Aquaculture America 2023

February 23 - 26, 2023

New Orleans, Louisiana USA

SEQUENCING ALL THE FISHES IN THE DEEP BLUE SEA: IMPACTS OF SAMPLE STORAGE TIME, TEMPERATURE, AND BUFFER TYPE ON DNA QUALITY OF FISHES VALIDATED THROUGH SEQUENCING

Jeremiah J Minich

Salk Institute for Biological Studies
10010 N Torrey Pines Road, La Jolla CA 92037

jminich@salk.edu

 



 There are over 1.6 million species of animals and 435 thousand species of plants on Earth. Long-read sequencing technology is enabling biologists to digitally archive the genomes of these organisms to understand fundamental basic questions in evolution, boolster conservation strategies in the midst of massive extinctions, and improve food production through crop and livestock genomics.
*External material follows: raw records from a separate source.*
(* There is an absolute constant $C>0$ such that the following holds. Let $B$ be a set of $n\ge 2$ natural numbers and let $B.B=\{bb' : b,b'\in B\}$. If $B.B$ contains an arithmetic progression $\{a, a+d, \ldots, a+(N-1)d\}$ with nonzero common difference $d$ and $N$ terms, then $N\le C\, n\log n$. *)

theory Defs
  imports "HOL-Analysis.Analysis"
begin

definition prodset :: "nat set \<Rightarrow> nat set" where
  "prodset B = {b * b' | b b'. b \<in> B \<and> b' \<in> B}"

end

theory Submission
  imports Defs "HOL-Library.Function_Algebras" "HOL-Computational_Algebra.Primes"
    "HOL-Real_Asymp.Real_Asymp"
begin

text \<open>
  Dividing by \<open>gcd a d\<close> and reading the progression backwards if \<open>d > 0\<close>, its terms become
  \<open>g (M - j D)\<close>, \<open>j < N\<close>, with \<open>M\<close> and \<open>D\<close> coprime. Put \<open>h = N div 2\<close> and \<open>y = h div 1024\<close>.
  The terms \<open>e\<^sub>j = M - j D\<close>, \<open>j < h\<close>, are at least \<open>M/2\<close>, yet a Legendre-type count of prime
  powers in a progression shows \<open>\<Prod> e\<^sub>j \<le> h! M^(\<pi>(y) + r)\<close>, where \<open>r\<close> is the number of \<open>e\<^sub>j\<close>
  with a prime factor \<open>p > y\<close>. Hence \<open>\<pi>(y) + r \<ge> h / (20 ln (2h))\<close>, and by Chebyshev's bound
  \<open>\<pi>(y)\<close> is at most half of this. A prime \<open>p > y\<close> divides at most one term in a window of \<open>y\<close>
  consecutive indices, so some window contains \<open>\<ge> h / (81960 ln (2h))\<close> terms each having a prime
  factor that divides none of the others. The exponent vectors of these terms are therefore
  linearly independent; as \<open>g e\<^sub>j = b b'\<close> with \<open>b, b' \<in> B\<close>, they lie in the span of the exponent
  vectors of \<open>g\<close> and of the elements of \<open>B\<close>, so there are at most \<open>|B| + 1\<close> of them. With
  \<open>N \<le> |B|\<^sup>2\<close> this gives \<open>N = O(|B| ln |B|)\<close>.
\<close>

section \<open>Chebyshev's bound for the prime counting function\<close>

lemma prod_primes_dvd:
  fixes n :: nat
  assumes "finite A" "\<And>p. p \<in> A \<Longrightarrow> prime p" "\<And>p. p \<in> A \<Longrightarrow> p dvd n"
  shows "\<Prod>A dvd n"
  using assms
proof (induction A rule: finite_induct)
  case empty
  then show ?case by simp
next
  case (insert p A)
  have "prime p"
    using insert.prems by simp
  have "\<not> p dvd \<Prod>A"
  proof
    assume "p dvd \<Prod>A"
    then obtain q where "q \<in> A" "p dvd q"
      using \<open>prime p\<close> insert.hyps(1) prime_dvd_prod_iff[of A p id] by auto
    then have "p = q"
      using \<open>prime p\<close> insert.prems primes_dvd_imp_eq by blast
    with \<open>q \<in> A\<close> insert.hyps(2) show False
      by simp
  qed
  then have "coprime p (\<Prod>A)"
    using \<open>prime p\<close> by (simp add: prime_imp_coprime)
  moreover have "p dvd n" "\<Prod>A dvd n"
    using insert by auto
  ultimately show ?case
    using insert.hyps by (simp add: divides_mult)
qed

lemma binomial_odd_middle_le: "(2*m+1) choose m \<le> 4^m"
proof -
  have "2 * ((2*m+1) choose m) = (\<Sum>k\<in>{m, m+1}. (2*m+1) choose k)"
    using binomial_symmetric[of m "2*m+1"] by simp
  also have "\<dots> \<le> (\<Sum>k\<le>2*m+1. (2*m+1) choose k)"
    by (rule sum_mono2) auto
  also have "\<dots> = 2^(2*m+1)"
    by (rule choose_row_sum)
  finally show ?thesis
    by (simp add: power_add power_mult)
qed

lemma prod_primes_dvd_binomial:
  "\<Prod>{p. prime p \<and> m+1 < p \<and> p \<le> 2*m+1} dvd (2*m+1) choose m"
proof (rule prod_primes_dvd)
  fix p assume p: "p \<in> {p. prime p \<and> m+1 < p \<and> p \<le> 2*m+1}"
  then have "prime p" by simp
  have "p dvd fact (2*m+1)"
    unfolding prime_dvd_fact_iff[OF \<open>prime p\<close>] using p by simp
  then have "p dvd fact m * fact (m+1) * ((2*m+1) choose m)"
    using binomial_fact_lemma[of m "2*m+1"] by (simp add: algebra_simps)
  moreover have "\<not> p dvd fact m" "\<not> p dvd fact (m+1)"
    unfolding prime_dvd_fact_iff[OF \<open>prime p\<close>] using p by auto
  ultimately show "p dvd (2*m+1) choose m"
    using \<open>prime p\<close> by (metis prime_dvd_mult_iff)
qed auto

lemma primes_atMost_two: "{p::nat. prime p \<and> p \<le> 2} = {2}"
  by (auto simp: le_Suc_eq dest: prime_ge_2_nat)

text \<open>For odd \<open>x = 2m + 1\<close> the primes in \<open>(m + 1, x]\<close> divide \<open>(x choose m) \<le> 4^m\<close>; an even
  \<open>x > 2\<close> is not prime.\<close>
lemma primorial_le_four_power: "\<Prod>{p::nat. prime p \<and> p \<le> x} \<le> 4^x"
proof (induction x rule: less_induct)
  case (less x)
  have "x \<le> 1 \<or> x = 2 \<or> (x > 2 \<and> even x) \<or> (\<exists>m. x = 2*m+1 \<and> m \<ge> 1)"
    by presburger
  then consider "x \<le> 1" | "x = 2" | "x > 2" "even x" | m where "x = 2*m+1" "m \<ge> 1"
    by blast
  then show ?case
  proof cases
    case 1
    then have none: "{p::nat. prime p \<and> p \<le> x} = {}"
      by (auto dest: prime_ge_2_nat)
    show ?thesis
      unfolding none by simp
  next
    case 2
    then show ?thesis
      by (simp add: primes_atMost_two)
  next
    case 3
    then have "\<not> prime x"
      using prime_odd_nat[of x] by blast
    then have "{p::nat. prime p \<and> p \<le> x} = {p. prime p \<and> p \<le> x - 1}"
      using 3 by (auto simp: le_diff_conv2 le_less Suc_le_eq)
    then have "\<Prod>{p::nat. prime p \<and> p \<le> x} \<le> 4^(x-1)"
      using less[of "x-1"] 3 by simp
    also have "\<dots> \<le> 4^x"
      by (rule power_increasing) auto
    finally show ?thesis .
  next
    case 4
    let ?small = "{p::nat. prime p \<and> p \<le> m+1}" and ?large = "{p::nat. prime p \<and> m+1 < p \<and> p \<le> x}"
    have "{p::nat. prime p \<and> p \<le> x} = ?small \<union> ?large"
      using 4 by auto
    then have "\<Prod>{p::nat. prime p \<and> p \<le> x} = \<Prod>?small * \<Prod>?large"
      by (simp add: prod.union_disjoint[symmetric] disjoint_iff)
    also have "\<Prod>?small \<le> 4^(m+1)"
      using less[of "m+1"] 4 by simp
    also have "\<Prod>?large \<le> 4^m"
      using dvd_imp_le[OF prod_primes_dvd_binomial[of m]] binomial_odd_middle_le[of m] 4 by simp
    finally have "\<Prod>{p::nat. prime p \<and> p \<le> x} \<le> 4^(m+1) * 4^m"
      by simp
    also have "\<dots> = 4^x"
      using 4 by (simp flip: power_add)
    finally show ?thesis .
  qed
qed

lemma sum_ln_primes_le: "(\<Sum>p | prime p \<and> p \<le> x. ln (real p)) \<le> real x * ln 4"
proof -
  have "(\<Sum>p | prime p \<and> p \<le> x. ln (real p)) = ln (\<Prod>p | prime p \<and> p \<le> x. real p)"
    by (rule ln_prod[symmetric]) (auto simp: prime_gt_0_nat)
  also have "\<dots> \<le> ln (real (4^x))"
    using primorial_le_four_power[of x]
    by (intro ln_mono) (simp_all add: prime_gt_0_nat prod_pos flip: of_nat_prod of_nat_le_iff)
  also have "\<dots> = real x * ln 4"
    by (simp add: ln_realpow)
  finally show ?thesis .
qed

lemma card_le_sqrt:
  fixes A :: "nat set"
  assumes "\<And>k. k \<in> A \<Longrightarrow> 0 < k \<and> k * k \<le> y"
  shows "real (card A) \<le> sqrt y"
proof -
  have "A \<subseteq> {1..nat \<lfloor>sqrt y\<rfloor>}"
  proof
    fix k assume "k \<in> A"
    then have "0 < k" "real k * real k \<le> real y"
      using assms by (auto simp flip: of_nat_mult)
    then show "k \<in> {1..nat \<lfloor>sqrt y\<rfloor>}"
      using real_le_rsqrt[of "real k" "real y"] by (simp add: power2_eq_square le_nat_floor)
  qed
  then have "card A \<le> nat \<lfloor>sqrt y\<rfloor>"
    using card_mono[of "{1..nat \<lfloor>sqrt y\<rfloor>}" A] by simp
  then have "real (card A) \<le> real (nat \<lfloor>sqrt y\<rfloor>)"
    by (simp only: of_nat_le_iff)
  also have "\<dots> \<le> sqrt y"
    by (rule of_nat_floor) simp
  finally show ?thesis .
qed

text \<open>Primes \<open>p \<le> \<surd>y\<close> are counted trivially; each larger one has \<open>ln p \<ge> ln y / 2\<close>.\<close>
lemma prime_counting_le:
  fixes y :: nat
  assumes "y \<ge> 2"
  shows "real (card {p. prime p \<and> p \<le> y}) \<le> sqrt y + 2 * y * ln 4 / ln y"
proof -
  define P where "P = {p::nat. prime p \<and> p \<le> y}"
  define small where "small = {p\<in>P. p*p \<le> y}"
  define large where "large = {p\<in>P. y < p*p}"
  have "finite P"
    unfolding P_def by (rule finite_subset[of _ "{..y}"]) auto
  then have card_P: "card P = card small + card large"
    unfolding small_def large_def by (subst card_Un_disjoint[symmetric]) (auto intro: arg_cong[where f = card])
  have "real (card small) \<le> sqrt y"
    by (rule card_le_sqrt) (auto simp: small_def P_def prime_gt_0_nat)
  moreover have "real (card large) * ln y \<le> 2 * y * ln 4"
  proof -
    have "real (card large) * ln y = (\<Sum>p\<in>large. ln y)"
      by simp
    also have "\<dots> \<le> (\<Sum>p\<in>large. 2 * ln (real p))"
    proof (rule sum_mono)
      fix p assume "p \<in> large"
      then have "real y < real p * real p" "prime p"
        unfolding large_def P_def by (auto simp flip: of_nat_mult)
      then have "ln y \<le> ln (real p * real p)"
        using assms by (intro ln_mono) auto
      also have "\<dots> = 2 * ln (real p)"
        using \<open>prime p\<close> by (simp add: ln_mult prime_gt_0_nat)
      finally show "ln y \<le> 2 * ln (real p)" .
    qed
    also have "\<dots> \<le> 2 * (\<Sum>p\<in>P. ln (real p))"
      unfolding sum_distrib_left[symmetric] using \<open>finite P\<close>
      by (intro mult_left_mono sum_mono2) (auto simp: large_def P_def dest: prime_ge_1_nat)
    also have "\<dots> \<le> 2 * y * ln 4"
      using sum_ln_primes_le[of y] unfolding P_def by simp
    finally show ?thesis .
  qed
  then have "real (card large) \<le> 2 * y * ln 4 / ln y"
    using assms by (simp add: field_simps)
  ultimately show ?thesis
    using card_P unfolding P_def by simp
qed

lemma prime_counting_negligible:
  obtains H :: nat
  where "\<And>h. H \<le> h \<Longrightarrow> real (card {p. prime p \<and> p \<le> h div 1024}) \<le> real h / (40 * ln (2 * real h))"
proof -
  have "eventually (\<lambda>x::real. sqrt (x / 1024) + 4 * (x / 1024) / ln (x / 2048) \<le> x / (40 * ln (2 * x))) at_top"
    by real_asymp
  then obtain X where X: "\<And>x::real. X \<le> x \<Longrightarrow> sqrt (x / 1024) + 4 * (x / 1024) / ln (x / 2048) \<le> x / (40 * ln (2 * x))"
    unfolding eventually_at_top_linorder by blast
  have "ln 4 \<le> (2::real)"
    using ln2_le_25_over_36 ln_realpow[of 2 2] by simp
  show ?thesis
  proof (rule that[of "max 4096 (nat \<lceil>X\<rceil>)"])
    fix h :: nat assume "max 4096 (nat \<lceil>X\<rceil>) \<le> h"
    then have "4096 \<le> h" "X \<le> real h"
      by linarith+
    define y where "y = h div 1024"
    have "real y \<le> real h / 1024"
      unfolding y_def by (simp add: real_of_nat_div)
    have "real h / 2048 \<le> real y" "2 \<le> y"
      using \<open>4096 \<le> h\<close> unfolding y_def by linarith+
    have "real (2 * y) * ln 4 \<le> real (2 * y) * 2"
      using \<open>ln 4 \<le> 2\<close> by (intro mult_left_mono) auto
    then have "real (2 * y) * ln 4 \<le> 4 * (real h / 1024)"
      using \<open>real y \<le> real h / 1024\<close> by linarith
    moreover have "ln (real h / 2048) \<le> ln y"
      using \<open>real h / 2048 \<le> real y\<close> \<open>4096 \<le> h\<close> by (intro ln_mono) auto
    ultimately have "2 * y * ln 4 / ln y \<le> 4 * (real h / 1024) / ln (real h / 2048)"
      using \<open>4096 \<le> h\<close> by (intro frac_le) simp_all
    moreover have "sqrt y \<le> sqrt (real h / 1024)"
      using \<open>real y \<le> real h / 1024\<close> by simp
    ultimately show "real (card {p. prime p \<and> p \<le> h div 1024}) \<le> real h / (40 * ln (2 * real h))"
      using prime_counting_le[OF \<open>2 \<le> y\<close>] X[OF \<open>X \<le> real h\<close>] unfolding y_def by linarith
  qed
qed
One of the primary challenges however, is obtaining samples from field sites and preserving them in a way that ensures high quality DNA for long read sequencing. Here we demonstrate the impacts of storage time (0 days, 2 days, 7 days, 21 days, and 42 days), storage temperature (4 Celcius , 22 Celcius ), and storage buffers (95% EtOH, RNAlater , EDTA) on the preservation of fish blood across multiple species of fish. We extracted DNA using the Monarch HMW kit. DNA yield was consistently high between 10-100 ug and pure (260/280, 260/230) across most time points for the RNAlater and 95% EtOH buffers while most EDTA only samples failed after a week. Fragment lengths based on TapeStation and FEMTO pulse were highest for 95% EtOH stored at 4C even out to 6 weeks whereas for room temperature, RNAlater

faired better up to 3 weeks. We show that high quality DNA as measured by yield, purity, and fragment size can be obtained from samples stored at 95% EtOH at 4 Celcius for up to 6 weeks and RNAlater at room temperature for up to 3 weeks. We compare these storage impacts on sequencing read length, genome assembly quality, and methylation variation. For jack mackerel, our sequencing read length N50 on the Promethion was the following: gold standard control ‘snap frozen’ (37 kb, 33.2; LSK110, LSK112), 2 days at 4C in 95% EtOH (31kb; LSK110), 3 weeks at 4C in 95% EtOH (38.9 kb, 24.4 kb; LSK110, LSK112), 6 weeks at 4C in 95% EtOH (30 kb, 25 kb; LSK110, LSK112), and 3 weeks at 22C in RNAlater (18.4 kb, 11 kb; LSK110, LSK112). The LSK112 kit read lengths were 30% (mean, SD 11.5%)  lower than LSK110 but with an increase in quality. Assembly results were also comparable across time treatments (for 95% EtOH at 4C) when controlling for coverage. The overall read lengths were high for all of the 95% EtOH samples regardless of storage time suggesting this as an appropriate storage mechanism for field sampling. For room temperature, RNAlater also did modestly well for up to 3 weeks. We compare our sequencing results to 10 other species of fishes sequenced using the gold standard ‘snap frozen’ method and demonstrate the feasibility of using this new storage method.